lemma integrable_mult_continuous_comp:
  fixes h :: "'a \<Rightarrow> complex" and C :: "'a \<Rightarrow> 'b::euclidean_space" and G :: "'b \<Rightarrow> real"
  assumes h: "integrable M h" and K: "compact K" and G: "continuous_on UNIV G"
    and C: "C \<in> borel_measurable M" "\<And>x. C x \<in> K"
  shows "integrable M (\<lambda>x. h x * of_real (G (C x)))"
proof -
  obtain B where "\<And>y. y \<in> K \<Longrightarrow> norm (G y) \<le> B"
    using compact_imp_bounded[OF compact_continuous_image[OF continuous_on_subset[OF G] K]]
    by (auto simp: bounded_iff)
  moreover have "(\<lambda>x. G (C x)) \<in> borel_measurable M"
    using C(1) borel_measurable_continuous_onI[OF G] by (rule measurable_compose)
  ultimately show ?thesis
    using C(2) by (intro integrable_mult_bounded[OF h, where B=B]) auto
qed

lemma integral_mult_comp_eq_0_if_polynomials:
  fixes h :: "'a \<Rightarrow> complex" and C :: "'a \<Rightarrow> 'b::euclidean_space" and F :: "'b \<Rightarrow> real"
  assumes h: "integrable M h" and K: "compact K" and F: "continuous_on UNIV F"
    and C: "C \<in> borel_measurable M" "\<And>x. C x \<in> K"
    and poly: "\<And>P. real_polynomial_function P \<Longrightarrow> (LINT x|M. h x * of_real (P (C x))) = 0"
  shows "(LINT x|M. h x * of_real (F (C x))) = 0"
proof -
  note integrable = integrable_mult_continuous_comp[OF h K _ C]
  define A where "A = (LINT x|M. norm (h x))"
  have "A \<ge> 0"
    unfolding A_def by simp
  let ?I = "LINT x|M. h x * of_real (F (C x))"
  have "norm ?I \<le> 0 + e" if e: "e > 0" for e
  proof -
    obtain P where P: "polynomial_function P" "\<And>y. y \<in> K \<Longrightarrow> norm (F y - P y) < e / (A + 1)"
      using Stone_Weierstrass_polynomial_function[OF K continuous_on_subset[OF F], of "e / (A + 1)"] e \<open>A \<ge> 0\<close>
      by auto
    have P_cont: "continuous_on UNIV P"
      using P(1) by (rule continuous_on_polymonial_function)
    have int_diff: "integrable M (\<lambda>x. h x * of_real (F (C x) - P (C x)))"
      using integrable[OF continuous_on_diff[OF F P_cont]] by simp
    have "?I = ?I - (LINT x|M. h x * of_real (P (C x)))"
      using P(1) by (simp add: poly real_polynomial_function_eq)
    also have "\<dots> = (LINT x|M. h x * of_real (F (C x) - P (C x)))"
      unfolding of_real_diff right_diff_distrib
      by (rule Bochner_Integration.integral_diff[symmetric, OF integrable[OF F] integrable[OF P_cont]])
    also have "norm \<dots> \<le> (LINT x|M. norm (h x * of_real (F (C x) - P (C x))))"
      by (rule integral_norm_bound)
    also have "\<dots> \<le> (LINT x|M. norm (h x) * (e / (A + 1)))"
    proof (rule integral_mono)
      show "integrable M (\<lambda>x. norm (h x * of_real (F (C x) - P (C x))))"
        using int_diff by (rule integrable_norm)
      show "integrable M (\<lambda>x. norm (h x) * (e / (A + 1)))"
        using h by (intro integrable_mult_left integrable_norm)
      show "norm (h x * of_real (F (C x) - P (C x))) \<le> norm (h x) * (e / (A + 1))" for x
        using P(2)[OF C(2)] unfolding norm_mult norm_of_real by (intro mult_left_mono) (auto simp: less_imp_le)
    qed
    also have "\<dots> = e * (A / (A + 1))"
      by (simp add: A_def)
    also have "\<dots> \<le> e"
      using \<open>A \<ge> 0\<close> e by (intro mult_left_le) auto
    finally show ?thesis by simp
  qed
  then have "norm ?I \<le> 0"
    by (rule field_le_epsilon)
  then show ?thesis
    by simp
qed

lemma cos_less_cos_iff_abs_less:
  assumes "0 < r" "r \<le> pi" "\<bar>\<theta>\<bar> \<le> 2 * pi - r"
  shows "cos r < cos \<theta> \<longleftrightarrow> \<bar>\<theta>\<bar> < r"
proof
  assume less: "cos r < cos \<theta>"
  show "\<bar>\<theta>\<bar> < r"
  proof (rule ccontr)
    assume "\<not> \<bar>\<theta>\<bar> < r"
    have "cos \<bar>\<theta>\<bar> \<le> cos r"
    proof (cases "\<bar>\<theta>\<bar> \<le> pi")
      case True
      then show ?thesis
        using \<open>\<not> \<bar>\<theta>\<bar> < r\<close> assms by (intro cos_monotone_0_pi_le) auto
    next
      case False
      have "cos \<bar>\<theta>\<bar> = cos (2 * pi - \<bar>\<theta>\<bar>)"
        by (simp add: cos_2pi_minus)
      also have "\<dots> \<le> cos r"
        using False assms by (intro cos_monotone_0_pi_le) auto
      finally show ?thesis .
    qed
    with less show False
      by simp
  qed
next
  assume "\<bar>\<theta>\<bar> < r"
  then have "cos r < cos \<bar>\<theta>\<bar>"
    using assms by (intro cos_monotone_0_pi) auto
  then show "cos r < cos \<theta>"
    by simp
qed

definition ramp :: "nat \<Rightarrow> real \<Rightarrow> real" where
  "ramp n s = min 1 (max 0 (real n * s))"

lemma continuous_on_ramp [continuous_intros]:
  "continuous_on S f \<Longrightarrow> continuous_on S (\<lambda>x. ramp n (f x))"
  unfolding ramp_def by (intro continuous_intros)

lemma ramp_bounds: "0 \<le> ramp n s" "ramp n s \<le> 1"
  by (auto simp: ramp_def)

lemma eventually_ramp_eq: "eventually (\<lambda>n. ramp n s = (if s > 0 then 1 else 0)) sequentially"
proof (cases "s > 0")
  case True
  have "ramp n s = 1" if "n \<ge> nat \<lceil>1 / s\<rceil>" for n
  proof -
    have "1 / s \<le> real n"
      using that by linarith
    then have "1 \<le> real n * s"
      using True by (simp add: field_simps)
    then show ?thesis
      by (simp add: ramp_def)
  qed
  then show ?thesis
    using True unfolding eventually_sequentially by (intro exI[of _ "nat \<lceil>1 / s\<rceil>"]) auto
next
  case False
  then have "real n * s \<le> 0" for n
    by (simp add: mult_nonneg_nonpos)
  then show ?thesis
    using False by (simp add: ramp_def max_absorb1)
qed

(* Since x_j and the box stay inside [0, 2 pi], cos (x_j - mu_j) > cos r_j exactly when x_j lies
   within the half-width r_j of the midpoint mu_j; periodicity of the cosine would break this for
   boxes leaving the cube. *)
lemma eventually_prod_ramp_eq_indicator_box:
  fixes c e x :: "real^'d::finite"
  assumes c: "\<And>j. 0 \<le> c $ j" and ce: "\<And>j. c $ j < e $ j" and e: "\<And>j. e $ j \<le> 2 * pi"
    and x: "x \<in> torus"
  shows "eventually (\<lambda>n. (\<Prod>j\<in>UNIV. ramp n (cos (x $ j - (c $ j + e $ j) / 2) - cos ((e $ j - c $ j) / 2)))
           = indicator (box c e) x) sequentially"
proof -
  define s where "s j = cos (x $ j - (c $ j + e $ j) / 2) - cos ((e $ j - c $ j) / 2)" for j
  have pos_iff: "s j > 0 \<longleftrightarrow> c $ j < x $ j \<and> x $ j < e $ j" for j
  proof -
    have "0 \<le> x $ j" "x $ j \<le> 2 * pi"
      using x by (auto simp: mem_torus_iff)
    then have "s j > 0 \<longleftrightarrow> \<bar>x $ j - (c $ j + e $ j) / 2\<bar> < (e $ j - c $ j) / 2"
      unfolding s_def using c[of j] ce[of j] e[of j]
      by (subst cos_less_cos_iff_abs_less[symmetric]) (auto simp: abs_le_iff field_simps)
    also have "\<dots> \<longleftrightarrow> c $ j < x $ j \<and> x $ j < e $ j"
      unfolding abs_less_iff by argo
    finally show ?thesis .
  qed
  have "eventually (\<lambda>n. \<forall>j\<in>UNIV. ramp n (s j) = (if s j > 0 then 1 else 0)) sequentially"
    by (intro eventually_ball_finite ballI eventually_ramp_eq) simp
  then show ?thesis
  proof (rule eventually_mono)
    fix n assume "\<forall>j\<in>UNIV. ramp n (s j) = (if s j > 0 then 1 else 0)"
    then have "(\<Prod>j\<in>UNIV. ramp n (s j)) = (\<Prod>j\<in>UNIV. if s j > 0 then 1 else 0)"
      by simp
    also have "\<dots> = indicator (box c e) x"
    proof (cases "x \<in> box c e")
      case False
      then obtain j where "\<not> s j > 0"
        by (auto simp: mem_box_cart pos_iff)
      then have "(\<Prod>j\<in>UNIV. if s j > 0 then 1 else 0) = (0::real)"
        by (intro prod_zero bexI[of _ j]) simp_all
      then show ?thesis
        using False by simp
    qed (simp add: mem_box_cart pos_iff)
    finally show "(\<Prod>j\<in>UNIV. ramp n (cos (x $ j - (c $ j + e $ j) / 2) - cos ((e $ j - c $ j) / 2)))
        = indicator (box c e) x"
      by (simp add: s_def)
  qed
qed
════════
Reproduce only the lines above spanning from the line containing "by (simp add: ramp_def)" through the line containing "(\<lambda>n. \<forall>j\<in>UNIV. ramp", word for word.

# SOLUTION TO THIS TASK:
      by (simp add: ramp_def)
  qed
  then show ?thesis
    using True unfolding eventually_sequentially by (intro exI[of _ "nat \<lceil>1 / s\<rceil>"]) auto
next
  case False
  then have "real n * s \<le> 0" for n
    by (simp add: mult_nonneg_nonpos)
  then show ?thesis
    using False by (simp add: ramp_def max_absorb1)
qed

(* Since x_j and the box stay inside [0, 2 pi], cos (x_j - mu_j) > cos r_j exactly when x_j lies
   within the half-width r_j of the midpoint mu_j; periodicity of the cosine would break this for
   boxes leaving the cube. *)
lemma eventually_prod_ramp_eq_indicator_box:
  fixes c e x :: "real^'d::finite"
  assumes c: "\<And>j. 0 \<le> c $ j" and ce: "\<And>j. c $ j < e $ j" and e: "\<And>j. e $ j \<le> 2 * pi"
    and x: "x \<in> torus"
  shows "eventually (\<lambda>n. (\<Prod>j\<in>UNIV. ramp n (cos (x $ j - (c $ j + e $ j) / 2) - cos ((e $ j - c $ j) / 2)))
           = indicator (box c e) x) sequentially"
proof -
  define s where "s j = cos (x $ j - (c $ j + e $ j) / 2) - cos ((e $ j - c $ j) / 2)" for j
  have pos_iff: "s j > 0 \<longleftrightarrow> c $ j < x $ j \<and> x $ j < e $ j" for j
  proof -
    have "0 \<le> x $ j" "x $ j \<le> 2 * pi"
      using x by (auto simp: mem_torus_iff)
    then have "s j > 0 \<longleftrightarrow> \<bar>x $ j - (c $ j + e $ j) / 2\<bar> < (e $ j - c $ j) / 2"
      unfolding s_def using c[of j] ce[of j] e[of j]
      by (subst cos_less_cos_iff_abs_less[symmetric]) (auto simp: abs_le_iff field_simps)
    also have "\<dots> \<longleftrightarrow> c $ j < x $ j \<and> x $ j < e $ j"
      unfolding abs_less_iff by argo
    finally show ?thesis .
  qed
  have "eventually (\<lambda>n. \<forall>j\<in>UNIV. ramp n (s j) = (if s j > 0 then 1 else 0)) sequentially"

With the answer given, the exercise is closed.